Both the line below containing "R) A = emeasure" and the line containing "proof (intro conjI ballI allI impI)", along with every line between them, should be repeated exactly; no other line belongs in the answer.
===============
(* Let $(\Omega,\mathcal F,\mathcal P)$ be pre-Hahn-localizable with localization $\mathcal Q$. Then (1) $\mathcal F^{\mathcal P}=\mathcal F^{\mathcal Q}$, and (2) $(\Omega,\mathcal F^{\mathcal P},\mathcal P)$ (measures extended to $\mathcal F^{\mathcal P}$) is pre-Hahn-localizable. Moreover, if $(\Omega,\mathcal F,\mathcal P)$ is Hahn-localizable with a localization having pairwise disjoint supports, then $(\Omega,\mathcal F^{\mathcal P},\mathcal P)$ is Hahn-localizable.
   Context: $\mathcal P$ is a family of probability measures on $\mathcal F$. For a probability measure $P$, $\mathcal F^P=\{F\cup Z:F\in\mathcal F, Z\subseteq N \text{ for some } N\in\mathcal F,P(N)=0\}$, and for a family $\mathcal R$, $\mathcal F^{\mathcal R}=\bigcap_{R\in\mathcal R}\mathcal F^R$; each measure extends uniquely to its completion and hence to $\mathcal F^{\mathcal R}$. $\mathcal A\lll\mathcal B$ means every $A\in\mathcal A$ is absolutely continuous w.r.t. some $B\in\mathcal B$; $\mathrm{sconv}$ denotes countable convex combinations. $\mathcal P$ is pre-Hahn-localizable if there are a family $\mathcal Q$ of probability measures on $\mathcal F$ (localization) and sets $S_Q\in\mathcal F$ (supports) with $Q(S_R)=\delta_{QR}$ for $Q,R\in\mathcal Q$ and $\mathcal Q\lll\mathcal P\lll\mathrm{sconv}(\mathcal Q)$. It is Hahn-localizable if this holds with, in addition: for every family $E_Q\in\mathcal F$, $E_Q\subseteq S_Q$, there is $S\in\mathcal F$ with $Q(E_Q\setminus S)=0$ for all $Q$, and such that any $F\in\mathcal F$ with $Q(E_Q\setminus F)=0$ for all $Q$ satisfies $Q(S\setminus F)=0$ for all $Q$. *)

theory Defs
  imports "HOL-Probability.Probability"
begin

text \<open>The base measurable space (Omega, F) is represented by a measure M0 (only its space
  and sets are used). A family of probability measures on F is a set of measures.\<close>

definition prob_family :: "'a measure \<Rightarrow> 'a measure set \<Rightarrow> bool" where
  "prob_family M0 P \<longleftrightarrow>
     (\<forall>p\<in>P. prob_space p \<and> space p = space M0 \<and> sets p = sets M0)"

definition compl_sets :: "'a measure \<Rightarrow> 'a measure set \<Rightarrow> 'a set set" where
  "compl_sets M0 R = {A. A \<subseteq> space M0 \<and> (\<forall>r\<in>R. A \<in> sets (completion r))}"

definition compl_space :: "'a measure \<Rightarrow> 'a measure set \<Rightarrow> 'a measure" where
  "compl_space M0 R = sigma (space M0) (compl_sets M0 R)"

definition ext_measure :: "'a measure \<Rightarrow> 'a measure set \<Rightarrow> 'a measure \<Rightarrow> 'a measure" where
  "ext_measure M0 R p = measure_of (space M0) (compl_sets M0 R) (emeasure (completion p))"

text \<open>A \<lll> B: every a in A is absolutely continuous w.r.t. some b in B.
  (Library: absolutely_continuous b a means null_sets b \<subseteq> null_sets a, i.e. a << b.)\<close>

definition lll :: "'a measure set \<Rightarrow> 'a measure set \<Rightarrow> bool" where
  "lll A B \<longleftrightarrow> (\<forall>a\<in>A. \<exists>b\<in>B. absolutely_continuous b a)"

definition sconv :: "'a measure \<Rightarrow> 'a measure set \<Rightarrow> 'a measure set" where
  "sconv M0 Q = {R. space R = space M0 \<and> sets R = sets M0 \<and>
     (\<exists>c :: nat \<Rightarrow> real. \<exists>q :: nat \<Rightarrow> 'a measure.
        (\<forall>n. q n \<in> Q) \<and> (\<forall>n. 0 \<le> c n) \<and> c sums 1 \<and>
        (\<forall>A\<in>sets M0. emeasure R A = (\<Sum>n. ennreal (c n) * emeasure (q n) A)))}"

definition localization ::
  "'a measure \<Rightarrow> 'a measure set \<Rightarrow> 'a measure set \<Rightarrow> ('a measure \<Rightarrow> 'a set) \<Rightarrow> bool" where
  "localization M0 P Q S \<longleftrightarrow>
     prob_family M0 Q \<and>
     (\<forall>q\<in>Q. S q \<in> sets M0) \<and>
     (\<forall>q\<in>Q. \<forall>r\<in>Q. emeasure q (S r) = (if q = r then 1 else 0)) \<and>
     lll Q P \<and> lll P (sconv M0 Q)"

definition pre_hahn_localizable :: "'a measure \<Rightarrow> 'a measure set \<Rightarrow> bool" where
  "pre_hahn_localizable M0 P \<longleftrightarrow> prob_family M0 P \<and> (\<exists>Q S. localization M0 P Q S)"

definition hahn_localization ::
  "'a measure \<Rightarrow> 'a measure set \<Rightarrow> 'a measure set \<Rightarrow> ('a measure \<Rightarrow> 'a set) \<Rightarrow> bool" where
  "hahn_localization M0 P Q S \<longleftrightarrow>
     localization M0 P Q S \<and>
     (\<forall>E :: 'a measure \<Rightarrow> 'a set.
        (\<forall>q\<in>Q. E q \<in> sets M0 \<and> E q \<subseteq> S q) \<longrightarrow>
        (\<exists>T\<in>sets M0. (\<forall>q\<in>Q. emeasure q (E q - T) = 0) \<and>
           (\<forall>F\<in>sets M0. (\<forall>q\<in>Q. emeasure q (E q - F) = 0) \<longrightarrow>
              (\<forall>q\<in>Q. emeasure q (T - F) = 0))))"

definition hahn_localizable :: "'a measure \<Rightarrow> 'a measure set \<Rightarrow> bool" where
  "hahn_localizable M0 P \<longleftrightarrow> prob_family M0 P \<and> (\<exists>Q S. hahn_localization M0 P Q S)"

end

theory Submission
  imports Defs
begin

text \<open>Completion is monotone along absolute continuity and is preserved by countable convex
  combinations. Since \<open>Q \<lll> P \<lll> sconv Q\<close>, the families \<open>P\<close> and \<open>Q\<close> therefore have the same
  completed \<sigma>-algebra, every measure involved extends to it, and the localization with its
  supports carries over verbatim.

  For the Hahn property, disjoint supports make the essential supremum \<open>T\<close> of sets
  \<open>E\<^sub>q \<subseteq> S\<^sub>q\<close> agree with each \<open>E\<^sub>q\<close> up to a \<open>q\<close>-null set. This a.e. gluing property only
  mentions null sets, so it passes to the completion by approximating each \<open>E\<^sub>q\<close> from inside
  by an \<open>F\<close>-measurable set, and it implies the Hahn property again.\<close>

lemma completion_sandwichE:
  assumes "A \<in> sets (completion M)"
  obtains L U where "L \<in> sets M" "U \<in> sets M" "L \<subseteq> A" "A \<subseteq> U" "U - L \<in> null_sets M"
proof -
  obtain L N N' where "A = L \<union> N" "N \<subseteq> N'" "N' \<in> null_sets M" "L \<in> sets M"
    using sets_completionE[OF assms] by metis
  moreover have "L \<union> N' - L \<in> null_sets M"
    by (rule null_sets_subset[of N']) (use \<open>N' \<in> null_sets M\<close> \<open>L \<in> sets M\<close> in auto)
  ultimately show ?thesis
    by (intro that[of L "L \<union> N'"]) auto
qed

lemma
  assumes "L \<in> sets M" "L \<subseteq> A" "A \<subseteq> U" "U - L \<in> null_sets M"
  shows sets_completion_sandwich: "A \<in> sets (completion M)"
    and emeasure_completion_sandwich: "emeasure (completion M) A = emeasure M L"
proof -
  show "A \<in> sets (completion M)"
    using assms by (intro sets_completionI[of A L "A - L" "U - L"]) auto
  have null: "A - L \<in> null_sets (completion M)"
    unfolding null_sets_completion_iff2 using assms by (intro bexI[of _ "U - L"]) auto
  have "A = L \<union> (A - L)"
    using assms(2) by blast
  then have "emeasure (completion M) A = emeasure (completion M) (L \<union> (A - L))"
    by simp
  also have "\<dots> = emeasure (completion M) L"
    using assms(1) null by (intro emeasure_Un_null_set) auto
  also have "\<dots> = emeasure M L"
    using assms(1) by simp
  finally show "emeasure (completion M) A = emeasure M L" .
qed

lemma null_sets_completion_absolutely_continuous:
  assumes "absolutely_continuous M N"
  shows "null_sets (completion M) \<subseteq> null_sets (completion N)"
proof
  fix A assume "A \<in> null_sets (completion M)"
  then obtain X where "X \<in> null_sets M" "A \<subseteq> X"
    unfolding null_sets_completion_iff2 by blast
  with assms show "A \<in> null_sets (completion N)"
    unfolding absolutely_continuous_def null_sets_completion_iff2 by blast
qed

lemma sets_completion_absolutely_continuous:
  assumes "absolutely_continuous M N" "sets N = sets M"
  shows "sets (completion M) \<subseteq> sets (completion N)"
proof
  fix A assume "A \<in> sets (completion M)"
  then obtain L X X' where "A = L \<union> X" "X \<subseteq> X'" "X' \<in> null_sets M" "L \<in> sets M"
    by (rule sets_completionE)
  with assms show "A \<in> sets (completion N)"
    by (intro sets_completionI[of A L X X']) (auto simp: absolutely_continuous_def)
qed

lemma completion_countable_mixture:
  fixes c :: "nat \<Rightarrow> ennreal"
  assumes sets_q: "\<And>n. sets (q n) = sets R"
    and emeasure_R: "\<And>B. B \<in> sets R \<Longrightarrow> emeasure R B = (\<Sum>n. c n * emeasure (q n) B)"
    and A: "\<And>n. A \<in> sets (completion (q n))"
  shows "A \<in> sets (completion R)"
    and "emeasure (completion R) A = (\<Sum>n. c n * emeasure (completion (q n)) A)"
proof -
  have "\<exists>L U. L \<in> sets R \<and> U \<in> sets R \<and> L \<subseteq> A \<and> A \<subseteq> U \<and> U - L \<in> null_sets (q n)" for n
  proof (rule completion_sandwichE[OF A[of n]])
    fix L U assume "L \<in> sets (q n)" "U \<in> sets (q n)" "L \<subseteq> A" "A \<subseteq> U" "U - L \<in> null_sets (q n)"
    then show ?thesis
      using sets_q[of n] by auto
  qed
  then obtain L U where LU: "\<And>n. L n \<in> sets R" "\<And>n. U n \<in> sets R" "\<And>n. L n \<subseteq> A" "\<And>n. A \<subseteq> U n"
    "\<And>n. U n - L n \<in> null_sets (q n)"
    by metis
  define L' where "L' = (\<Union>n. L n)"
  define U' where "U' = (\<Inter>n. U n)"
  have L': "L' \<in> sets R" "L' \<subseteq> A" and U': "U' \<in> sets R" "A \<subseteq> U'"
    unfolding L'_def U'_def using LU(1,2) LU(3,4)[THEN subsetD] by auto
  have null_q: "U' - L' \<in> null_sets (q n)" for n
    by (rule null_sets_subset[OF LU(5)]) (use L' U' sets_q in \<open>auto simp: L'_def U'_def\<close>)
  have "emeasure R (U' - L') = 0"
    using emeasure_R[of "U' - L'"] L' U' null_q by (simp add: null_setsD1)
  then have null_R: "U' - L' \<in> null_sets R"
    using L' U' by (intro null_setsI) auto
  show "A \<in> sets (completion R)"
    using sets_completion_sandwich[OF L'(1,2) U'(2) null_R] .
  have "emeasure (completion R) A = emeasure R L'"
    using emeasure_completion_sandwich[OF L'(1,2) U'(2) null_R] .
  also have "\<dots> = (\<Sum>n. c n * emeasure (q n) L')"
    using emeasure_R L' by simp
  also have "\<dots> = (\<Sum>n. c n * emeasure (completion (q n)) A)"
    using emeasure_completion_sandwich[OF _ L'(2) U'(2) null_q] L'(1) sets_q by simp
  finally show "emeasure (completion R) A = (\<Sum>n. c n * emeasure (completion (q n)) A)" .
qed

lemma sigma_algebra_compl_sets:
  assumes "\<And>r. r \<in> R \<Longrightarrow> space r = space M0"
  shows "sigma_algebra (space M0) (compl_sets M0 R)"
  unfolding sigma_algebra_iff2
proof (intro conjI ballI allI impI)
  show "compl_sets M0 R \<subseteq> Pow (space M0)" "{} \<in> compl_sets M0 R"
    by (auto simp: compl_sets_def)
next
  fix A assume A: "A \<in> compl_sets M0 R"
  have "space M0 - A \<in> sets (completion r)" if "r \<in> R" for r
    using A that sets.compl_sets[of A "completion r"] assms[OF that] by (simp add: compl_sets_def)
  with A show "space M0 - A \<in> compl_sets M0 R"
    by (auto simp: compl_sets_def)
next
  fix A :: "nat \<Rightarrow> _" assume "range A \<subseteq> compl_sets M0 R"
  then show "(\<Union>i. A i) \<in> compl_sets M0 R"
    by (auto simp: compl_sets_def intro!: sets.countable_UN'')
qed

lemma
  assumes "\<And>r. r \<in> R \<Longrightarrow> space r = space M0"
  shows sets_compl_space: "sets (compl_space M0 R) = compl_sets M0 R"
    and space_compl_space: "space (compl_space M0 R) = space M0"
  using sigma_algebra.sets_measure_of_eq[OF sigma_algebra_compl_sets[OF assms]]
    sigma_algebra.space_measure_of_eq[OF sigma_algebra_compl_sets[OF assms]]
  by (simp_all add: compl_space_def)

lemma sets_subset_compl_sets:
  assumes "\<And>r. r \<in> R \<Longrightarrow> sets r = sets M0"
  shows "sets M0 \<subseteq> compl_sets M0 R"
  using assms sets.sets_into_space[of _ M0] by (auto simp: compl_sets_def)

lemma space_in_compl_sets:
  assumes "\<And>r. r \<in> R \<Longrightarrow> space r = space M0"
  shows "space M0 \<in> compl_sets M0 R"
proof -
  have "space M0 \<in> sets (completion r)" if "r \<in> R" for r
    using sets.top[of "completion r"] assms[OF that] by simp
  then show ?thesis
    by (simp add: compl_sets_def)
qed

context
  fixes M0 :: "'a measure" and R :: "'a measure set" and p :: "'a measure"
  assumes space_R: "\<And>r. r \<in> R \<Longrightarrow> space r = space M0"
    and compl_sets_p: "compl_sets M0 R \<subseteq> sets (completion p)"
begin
===============
● WORKED SOLUTION
  have "emeasure (completion R) A = emeasure R L'"
    using emeasure_completion_sandwich[OF L'(1,2) U'(2) null_R] .
  also have "\<dots> = (\<Sum>n. c n * emeasure (q n) L')"
    using emeasure_R L' by simp
  also have "\<dots> = (\<Sum>n. c n * emeasure (completion (q n)) A)"
    using emeasure_completion_sandwich[OF _ L'(2) U'(2) null_q] L'(1) sets_q by simp
  finally show "emeasure (completion R) A = (\<Sum>n. c n * emeasure (completion (q n)) A)" .
qed

lemma sigma_algebra_compl_sets:
  assumes "\<And>r. r \<in> R \<Longrightarrow> space r = space M0"
  shows "sigma_algebra (space M0) (compl_sets M0 R)"
  unfolding sigma_algebra_iff2
proof (intro conjI ballI allI impI)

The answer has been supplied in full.